The project publishes a CLI executable chatline and provides a fast Bun-powered development loop.

Dev (TypeScript direct): pnpm dev -- --help
Built dist run: pnpm cli -- --help
Installed (after publish): chatline --help

Docs:

Detailed usage: docs/cli-usage.md
Bun script rationale: docs/bun-script-best-practices.md

Pass arguments after -- when using pnpm dev or pnpm cli.

Key Features

Multiple Sources: Ingest from iMazing CSV exports and macOS Messages.app database
Intelligent Linking: Automatically link replies to parents and associate emoji reactions (tapbacks)
Smart Deduplication: Merge CSV/DB sources with GUID matching and content equivalence detection
AI Enrichment:
- Image analysis (HEIC/TIFF→JPG previews + Gemini Vision captions)
- Audio transcription (with speaker labels and timestamps)
- PDF summarization
- Link context extraction (Firecrawl + provider fallbacks)
Resumable Processing: Checkpoint support for crash recovery and incremental enrichment for processing only new messages
Deterministic Output: Identical input always produces identical markdown (reproducible pipelines)
Privacy-First: Local-only mode, no API key persistence, full data control
Conversation Threading: Nested replies and tapbacks rendered as readable blockquotes
Type-Safe: 100% TypeScript with Zod schema validation

For End Users

Installation & Setup

Prerequisites

Node.js 22.20+
macOS (for database export; CSV import works on any OS)
Gemini API Key (for AI enrichment, get free at https://aistudio.google.com)
Firecrawl API Key (optional, for link enrichment, get at https://www.firecrawl.dev)

Install Global CLI

npm install -g /chatline

This installs the chatline command globally, available from any directory.

Environment Setup

Create a .env file in your working directory:

GEMINI_API_KEY=your-api-key-here
FIRECRAWL_API_KEY=your-api-key-here

Or export them in your shell:

export GEMINI_API_KEY=your-api-key-here
export FIRECRAWL_API_KEY=your-api-key-here

Verify Installation

chatline doctor

Should show all checks passing.

Quick Start (Consumer)

# Initialize config (creates imessage-config.yaml)
chatline init

# Ingest CSV export from iMazing
chatline ingest-csv -i messages.csv -o messages.csv.ingested.json

# Ingest from macOS Messages.app database
chatline ingest-db -i db-export.json -o messages.db.ingested.json

# Normalize and link messages (merge sources, deduplicate, link replies)
chatline normalize-link \
  -i messages.csv.ingested.json messages.db.ingested.json \
  -o messages.normalized.json

# Enrich with AI (images, audio, links)
chatline enrich-ai \
  -i messages.normalized.json \
  -o messages.enriched.json \
  --enable-vision --enable-audio --enable-links

# Render to markdown
chatline render-markdown \
  -i messages.enriched.json \
  -o ./timeline

Output: A timeline/ directory with daily markdown files, one per date.

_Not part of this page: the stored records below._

(* Let $\mathcal C$ be a Clifford circuit on $n$ qubits of depth $\Delta$. The accumulator $F\mapsto\overrightarrow F$ and the back-accumulator $F\mapsto\overleftarrow F$ are group automorphisms of $\overline{\mathcal P}_{n(\Delta+1)}$.
   Context: A Clifford circuit on $n$ qubits is a finite sequence of operations, each a unitary Clifford gate or a Pauli measurement, each with a level in $\{1,2,\dots\}$, operations of equal level having disjoint supports; the depth $\Delta$ is the maximal level. $\overline{\mathcal P}_N$ is the $N$-qubit Pauli group modulo the phases $\{\pm1,\pm i\}$. For $1\le\ell\le\Delta$, $U_\ell$ is the product of all unitary gates of level $\ell$ (identity if none). A fault operator $F\in\overline{\mathcal P}_{n(\Delta+1)}$ acts on qubits $(\ell+0.5,q)$, $0\le\ell\le\Delta$, $1\le q\le n$; $F_{\ell+0.5}\in\overline{\mathcal P}_n$ is its component on level $\ell+0.5$. Cumulant $\overrightarrow F$: start with $\overrightarrow F=F$; for $\ell=1,\dots,\Delta$ in increasing order replace $\overrightarrow F_{\ell+0.5}$ by $\overrightarrow F_{\ell+0.5}\cdot U_\ell\overrightarrow F_{\ell-0.5}U_\ell^{-1}$. Back-cumulant $\overleftarrow F$: start with $\overleftarrow F=F$; for $\ell=\Delta,\dots,1$ in decreasing order replace $\overleftarrow F_{\ell-0.5}$ by $\overleftarrow F_{\ell-0.5}\cdot U_\ell^{-1}\overleftarrow F_{\ell+0.5}U_\ell$. *)

theory Defs
  imports "Jordan_Normal_Form.Schur_Decomposition" "HOL-Algebra.Group"
begin

datatype pauli1 = PI | PX | PY | PZ

text \<open>Matrix entries (row bit, column bit) of the single-qubit Pauli matrices;
  False = basis state 0, True = basis state 1.\<close>
fun pmat :: "pauli1 \<Rightarrow> bool \<Rightarrow> bool \<Rightarrow> complex" where
  "pmat PI r c = (if r = c then 1 else 0)"
| "pmat PX r c = (if r \<noteq> c then 1 else 0)"
| "pmat PY r c = (if r = c then 0 else if r then \<i> else - \<i>)"
| "pmat PZ r c = (if r = c then (if r then -1 else 1) else 0)"

fun pmul1 :: "pauli1 \<Rightarrow> pauli1 \<Rightarrow> pauli1" where
  "pmul1 PI b = b"
| "pmul1 a PI = a"
| "pmul1 PX PX = PI" | "pmul1 PY PY = PI" | "pmul1 PZ PZ = PI"
| "pmul1 PX PY = PZ" | "pmul1 PY PX = PZ"
| "pmul1 PY PZ = PX" | "pmul1 PZ PY = PX"
| "pmul1 PZ PX = PY" | "pmul1 PX PZ = PY"

text \<open>A Pauli string on n qubits is a function from qubit indices (0..n-1) to pauli1;
  its matrix is the tensor product, acting on C^(2^n) with qubit q = bit q of the index.\<close>
definition pauli_mat :: "nat \<Rightarrow> (nat \<Rightarrow> pauli1) \<Rightarrow> complex mat" where
  "pauli_mat n p = mat (2^n) (2^n) (\<lambda>(r, c). \<Prod>q<n. pmat (p q) (bit r q) (bit c q))"

definition clifford :: "nat \<Rightarrow> complex mat \<Rightarrow> bool" where
  "clifford n U \<longleftrightarrow> U \<in> carrier_mat (2^n) (2^n)
     \<and> U * mat_adjoint U = 1\<^sub>m (2^n) \<and> mat_adjoint U * U = 1\<^sub>m (2^n)
     \<and> (\<forall>p. \<exists>c p'. U * pauli_mat n p * mat_adjoint U = c \<cdot>\<^sub>m pauli_mat n p')"

definition conj_pauli :: "nat \<Rightarrow> complex mat \<Rightarrow> complex mat \<Rightarrow> (nat \<Rightarrow> pauli1) \<Rightarrow> (nat \<Rightarrow> pauli1)" where
  "conj_pauli n A B p = (SOME p'. (\<forall>q\<ge>n. p' q = PI) \<and>
      (\<exists>c. A * pauli_mat n p * B = c \<cdot>\<^sub>m pauli_mat n p'))"

text \<open>F l q is the component of F on qubit (l+0.5, q), 0 \<le> l \<le> Delta, 0 \<le> q < n;
  canonical representatives are PI outside that range.\<close>
definition fault_group :: "nat \<Rightarrow> nat \<Rightarrow> (nat \<Rightarrow> nat \<Rightarrow> pauli1) monoid" where
  "fault_group n \<Delta> = \<lparr> carrier = {F. \<forall>l q. (\<Delta> < l \<or> n \<le> q) \<longrightarrow> F l q = PI},
      monoid.mult = (\<lambda>F G l q. pmul1 (F l q) (G l q)),
      monoid.one = (\<lambda>l q. PI) \<rparr>"

text \<open>U l is the unitary of level l (1 \<le> l \<le> Delta); its inverse is its adjoint.
  cumulant_steps k = result after processing levels 1..k.\<close>
fun cumulant_steps :: "nat \<Rightarrow> (nat \<Rightarrow> complex mat) \<Rightarrow> (nat \<Rightarrow> nat \<Rightarrow> pauli1) \<Rightarrow> nat \<Rightarrow> (nat \<Rightarrow> nat \<Rightarrow> pauli1)" where
  "cumulant_steps n U F 0 = F"
| "cumulant_steps n U F (Suc k) =
     (let G = cumulant_steps n U F k
      in G(Suc k := (\<lambda>q. pmul1 (G (Suc k) q)
                          (conj_pauli n (U (Suc k)) (mat_adjoint (U (Suc k))) (G k) q))))"

definition cumulant :: "nat \<Rightarrow> nat \<Rightarrow> (nat \<Rightarrow> complex mat) \<Rightarrow> (nat \<Rightarrow> nat \<Rightarrow> pauli1) \<Rightarrow> (nat \<Rightarrow> nat \<Rightarrow> pauli1)" where
  "cumulant n \<Delta> U F = cumulant_steps n U F \<Delta>"

text \<open>back_steps k = result after processing levels Delta, Delta-1, ..., Delta-k+1.\<close>
fun back_steps :: "nat \<Rightarrow> nat \<Rightarrow> (nat \<Rightarrow> complex mat) \<Rightarrow> (nat \<Rightarrow> nat \<Rightarrow> pauli1) \<Rightarrow> nat \<Rightarrow> (nat \<Rightarrow> nat \<Rightarrow> pauli1)" where
  "back_steps n \<Delta> U F 0 = F"
| "back_steps n \<Delta> U F (Suc k) =
     (let G = back_steps n \<Delta> U F k; l = \<Delta> - k
      in G(l - 1 := (\<lambda>q. pmul1 (G (l - 1) q)
                          (conj_pauli n (mat_adjoint (U l)) (U l) (G l) q))))"

definition back_cumulant :: "nat \<Rightarrow> nat \<Rightarrow> (nat \<Rightarrow> complex mat) \<Rightarrow> (nat \<Rightarrow> nat \<Rightarrow> pauli1) \<Rightarrow> (nat \<Rightarrow> nat \<Rightarrow> pauli1)" where
  "back_cumulant n \<Delta> U F = back_steps n \<Delta> U F \<Delta>"

end

theory Submission
  imports Defs
begin

text \<open>Paulis modulo phases form an elementary abelian 2-group, and conjugation by a Clifford
  unitary or by its inverse induces an endomorphism \<phi> of it. Each level of the cumulant and of
  the back-cumulant replaces one layer G_i of a fault operator by G_i \<phi>(G_j) for another
  layer j \<noteq> i. Such a transvection is a homomorphism because the group is abelian and \<phi> is a
  homomorphism, and it is its own inverse because every element squares to the identity. Both
  maps are compositions of such transvections.\<close>

lemma pmul1_assoc: "pmul1 (pmul1 a b) c = pmul1 a (pmul1 b c)"
  by (cases a; cases b; cases c; simp)

lemma pmul1_self [simp]: "pmul1 a a = PI"
  by (cases a; simp)

lemma pmul1_PI_right [simp]: "pmul1 a PI = a"
  by (cases a; simp)

lemma pmul1_cancel_right [simp]: "pmul1 (pmul1 a b) b = a"
  by (simp add: pmul1_assoc)

lemma pmul1_eq_PI_iff: "pmul1 a b = PI \<longleftrightarrow> a = b"
  by (cases a; cases b; simp)

lemma pmul1_exchange: "pmul1 (pmul1 a b) (pmul1 c d) = pmul1 (pmul1 a c) (pmul1 b d)"
  by (cases a; cases b; cases c; cases d; simp)

fun pauli_phase :: "pauli1 \<Rightarrow> pauli1 \<Rightarrow> complex" where
  "pauli_phase PX PY = \<i>" | "pauli_phase PY PX = - \<i>"
| "pauli_phase PY PZ = \<i>" | "pauli_phase PZ PY = - \<i>"
| "pauli_phase PZ PX = \<i>" | "pauli_phase PX PZ = - \<i>"
| "pauli_phase _ _ = 1"

lemma pauli_phase_nonzero [simp]: "pauli_phase a b \<noteq> 0"
  by (cases a; cases b; simp)

lemma pauli_phase_self [simp]: "pauli_phase a a = 1"
  by (cases a; simp)

lemma pmat_mult:
  "pmat a r False * pmat b False s + pmat a r True * pmat b True s
     = pauli_phase a b * pmat (pmul1 a b) r s"
  by (cases a; cases b; cases r; cases s; simp)

lemma pmat_trace_eq_0_iff: "pmat a False False + pmat a True True = 0 \<longleftrightarrow> a \<noteq> PI"
  by (cases a; simp)

lemma sum_lessThan_double:
  fixes f :: "nat \<Rightarrow> 'a::comm_monoid_add"
  shows "(\<Sum>k<2 * N. f k) = (\<Sum>m<N. f (2 * m) + f (2 * m + 1))"
proof (induction N)
  case (Suc N)
  have "{..<2 * Suc N} = insert (2 * N + 1) (insert (2 * N) {..<2 * N})" by auto
  then show ?case using Suc by (simp add: algebra_simps)
qed simp

lemma sum_bits_prod:
  fixes g :: "nat \<Rightarrow> bool \<Rightarrow> 'a::comm_semiring_1"
  shows "(\<Sum>k<2^n. \<Prod>j<n. g j (bit (k::nat) j)) = (\<Prod>j<n. g j False + g j True)"
proof (induction n arbitrary: g)
  case (Suc n)
  have "(\<Sum>k<2^Suc n. \<Prod>j<Suc n. g j (bit (k::nat) j))
      = (\<Sum>k<2 * 2^n. g 0 (odd (k::nat)) * (\<Prod>j<n. g (Suc j) (bit (k div 2) j)))"
    by (simp add: prod.lessThan_Suc_shift bit_0 bit_Suc del: prod.lessThan_Suc)
  also have "\<dots> = (\<Sum>m<2^n. (g 0 False + g 0 True) * (\<Prod>j<n. g (Suc j) (bit (m::nat) j)))"
    by (subst sum_lessThan_double) (simp add: distrib_right)
  also have "\<dots> = (g 0 False + g 0 True) * (\<Prod>j<n. g (Suc j) False + g (Suc j) True)"
    by (simp add: sum_distrib_left[symmetric] Suc.IH[of "\<lambda>j. g (Suc j)"])
  also have "\<dots> = (\<Prod>j<Suc n. g j False + g j True)"
    by (simp only: prod.lessThan_Suc_shift)
  finally show ?case .
qed simp

lemma smult_one_mat [simp]: "(1::'a::semiring_1) \<cdot>\<^sub>m M = M"
  by (rule eq_matI) auto

lemma smult_smult_mat [simp]: "(a::'a::semigroup_mult) \<cdot>\<^sub>m (b \<cdot>\<^sub>m M) = (a * b) \<cdot>\<^sub>m M"
  by (rule eq_matI) (auto simp: mult.assoc)

lemma pauli_mat_carrier [simp]: "pauli_mat n p \<in> carrier_mat (2^n) (2^n)"
  by (simp add: pauli_mat_def)

lemma pauli_mat_dims [simp]: "dim_row (pauli_mat n p) = 2^n" "dim_col (pauli_mat n p) = 2^n"
  by (simp_all add: pauli_mat_def)

lemma pauli_mat_index:
  "r < 2^n \<Longrightarrow> c < 2^n \<Longrightarrow> pauli_mat n p $$ (r, c) = (\<Prod>q<n. pmat (p q) (bit r q) (bit c q))"
  by (simp add: pauli_mat_def)

lemma pauli_mat_truncate: "pauli_mat n (\<lambda>q. if q < n then p q else PI) = pauli_mat n p"
  unfolding pauli_mat_def by (intro cong_mat refl) (auto intro!: prod.cong)

lemma pauli_mat_mult:
  "pauli_mat n a * pauli_mat n b
     = (\<Prod>j<n. pauli_phase (a j) (b j)) \<cdot>\<^sub>m pauli_mat n (\<lambda>j. pmul1 (a j) (b j))"
proof (rule eq_matI)
  fix r c assume "r < dim_row ((\<Prod>j<n. pauli_phase (a j) (b j)) \<cdot>\<^sub>m pauli_mat n (\<lambda>j. pmul1 (a j) (b j)))"
    and "c < dim_col ((\<Prod>j<n. pauli_phase (a j) (b j)) \<cdot>\<^sub>m pauli_mat n (\<lambda>j. pmul1 (a j) (b j)))"
  then have r: "r < 2^n" and c: "c < 2^n" by auto
  have "(pauli_mat n a * pauli_mat n b) $$ (r, c)
     = (\<Sum>k<2^n. \<Prod>q<n. pmat (a q) (bit r q) (bit (k::nat) q) * pmat (b q) (bit k q) (bit c q))"
    using r c by (simp add: scalar_prod_def pauli_mat_index atLeast0LessThan prod.distrib)
  also have "\<dots> = (\<Prod>q<n. pauli_phase (a q) (b q) * pmat (pmul1 (a q) (b q)) (bit r q) (bit c q))"
    by (subst sum_bits_prod) (simp add: pmat_mult)
  finally show "(pauli_mat n a * pauli_mat n b) $$ (r, c) =
     ((\<Prod>j<n. pauli_phase (a j) (b j)) \<cdot>\<^sub>m pauli_mat n (\<lambda>j. pmul1 (a j) (b j))) $$ (r, c)"
    using r c by (simp add: prod.distrib pauli_mat_index)
qed auto

lemma pauli_mat_square: "pauli_mat n p * pauli_mat n p = pauli_mat n (\<lambda>_. PI)"
  by (simp add: pauli_mat_mult)

lemma pauli_mat_nonzero: "pauli_mat n p \<noteq> 0\<^sub>m (2^n) (2^n)"
proof
  assume "pauli_mat n p = 0\<^sub>m (2^n) (2^n)"
  then have "pauli_mat n (\<lambda>_. PI) = 0\<^sub>m (2^n) (2^n)"
    by (metis pauli_mat_square pauli_mat_carrier left_mult_zero_mat)
  then have "pauli_mat n (\<lambda>_. PI) $$ (0, 0) = 0" by simp
  then show False by (simp add: pauli_mat_index)
qed

lemma pauli_mat_diag_sum:
  "(\<Sum>r<2^n. pauli_mat n p $$ (r, r)) = (\<Prod>j<n. pmat (p j) False False + pmat (p j) True True)"
  by (simp add: pauli_mat_index sum_bits_prod[where g = "\<lambda>j b. pmat (p j) b b"])

text \<open>Compare traces: the trace of a Pauli string is the product of the single-qubit traces,
  and only the identity has nonzero trace.\<close>
lemma smult_pauli_identity_eq_imp_PI:
  assumes "c \<noteq> 0" and eq: "c \<cdot>\<^sub>m pauli_mat n (\<lambda>_. PI) = d \<cdot>\<^sub>m pauli_mat n p" and "j < n"
  shows "p j = PI"
proof -
  have "(\<Sum>r<2^n. (c \<cdot>\<^sub>m pauli_mat n (\<lambda>_. PI)) $$ (r, r)) = (\<Sum>r<2^n. (d \<cdot>\<^sub>m pauli_mat n p) $$ (r, r))"
    by (simp add: eq)
  then have "c * 2^n = d * (\<Prod>j<n. pmat (p j) False False + pmat (p j) True True)"
    by (simp add: sum_distrib_left[symmetric] pauli_mat_diag_sum del: pmat.simps)
      (simp add: pauli_mat_diag_sum[of n "\<lambda>_. PI", simplified])
  then have "(\<Prod>j<n. pmat (p j) False False + pmat (p j) True True) \<noteq> 0"
    using \<open>c \<noteq> 0\<close> by (metis mult_zero_right power_not_zero zero_neq_numeral no_zero_divisors)
  then show ?thesis
    using \<open>j < n\<close> by (auto simp: prod_zero_iff pmat_trace_eq_0_iff)
qed

lemma smult_pauli_mat_eq_imp_eq:
  assumes "c \<noteq> 0" and eq: "c \<cdot>\<^sub>m pauli_mat n a = d \<cdot>\<^sub>m pauli_mat n b" and "j < n"
  shows "a j = b j"
proof -
  have "c \<cdot>\<^sub>m pauli_mat n (\<lambda>_. PI) = (c \<cdot>\<^sub>m pauli_mat n a) * pauli_mat n a"
    by (simp add: mult_smult_assoc_mat[OF pauli_mat_carrier pauli_mat_carrier] pauli_mat_square)
  also have "\<dots> = (d * (\<Prod>j<n. pauli_phase (b j) (a j))) \<cdot>\<^sub>m pauli_mat n (\<lambda>j. pmul1 (b j) (a j))"
    by (simp add: eq mult_smult_assoc_mat[OF pauli_mat_carrier pauli_mat_carrier] pauli_mat_mult)
  finally have "pmul1 (b j) (a j) = PI"
    using smult_pauli_identity_eq_imp_PI assms by blast
  then show ?thesis by (simp add: pmul1_eq_PI_iff)
qed

definition pauli_strings :: "nat \<Rightarrow> (nat \<Rightarrow> pauli1) set" where
  "pauli_strings n = {p. \<forall>q\<ge>n. p q = PI}"

lemma finite_pauli_strings: "finite (pauli_strings n)"
proof -
  have univ: "(UNIV :: pauli1 set) = {PI, PX, PY, PZ}"
    using pauli1.exhaust by blast
  have "finite (UNIV :: pauli1 set)"
    by (subst univ) simp
  then have "finite {p. \<forall>q. (q \<in> {..<n} \<longrightarrow> p q \<in> (UNIV :: pauli1 set)) \<and> (q \<notin> {..<n} \<longrightarrow> p q = PI)}"
    by (intro finite_set_of_finite_funs) simp_all
  then show ?thesis
    by (simp add: pauli_strings_def not_less)
qed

Library Usage (Programmatic API)

Installation as Dependency

Install as a library in your Node.js/TypeScript project:

npm install /chatline
# or
pnpm add /chatline
# or
yarn add /chatline

TypeScript/JavaScript Import

import {
  // Config Management
  loadConfig,
  generateConfigContent,
  validateConfig,

  // Ingest Functions
  ingestCSV,
  dedupAndMerge,

  // Utilities
  detectDelta,
  mergeEnrichments,

  // Rate Limiting
  createRateLimiter,

  // Types
  type Message,
  type Config,
  type DeltaResult,
} from '@nathanvale/chatline'

Example: Load and Validate Config

import { loadConfig, validateConfig } from '@nathanvale/chatline'

// Load config with auto-discovery (looks for imessage-config.yaml/json)
const config = await loadConfig()

// Load specific config file
const config = await loadConfig({ configPath: './custom-config.yaml' })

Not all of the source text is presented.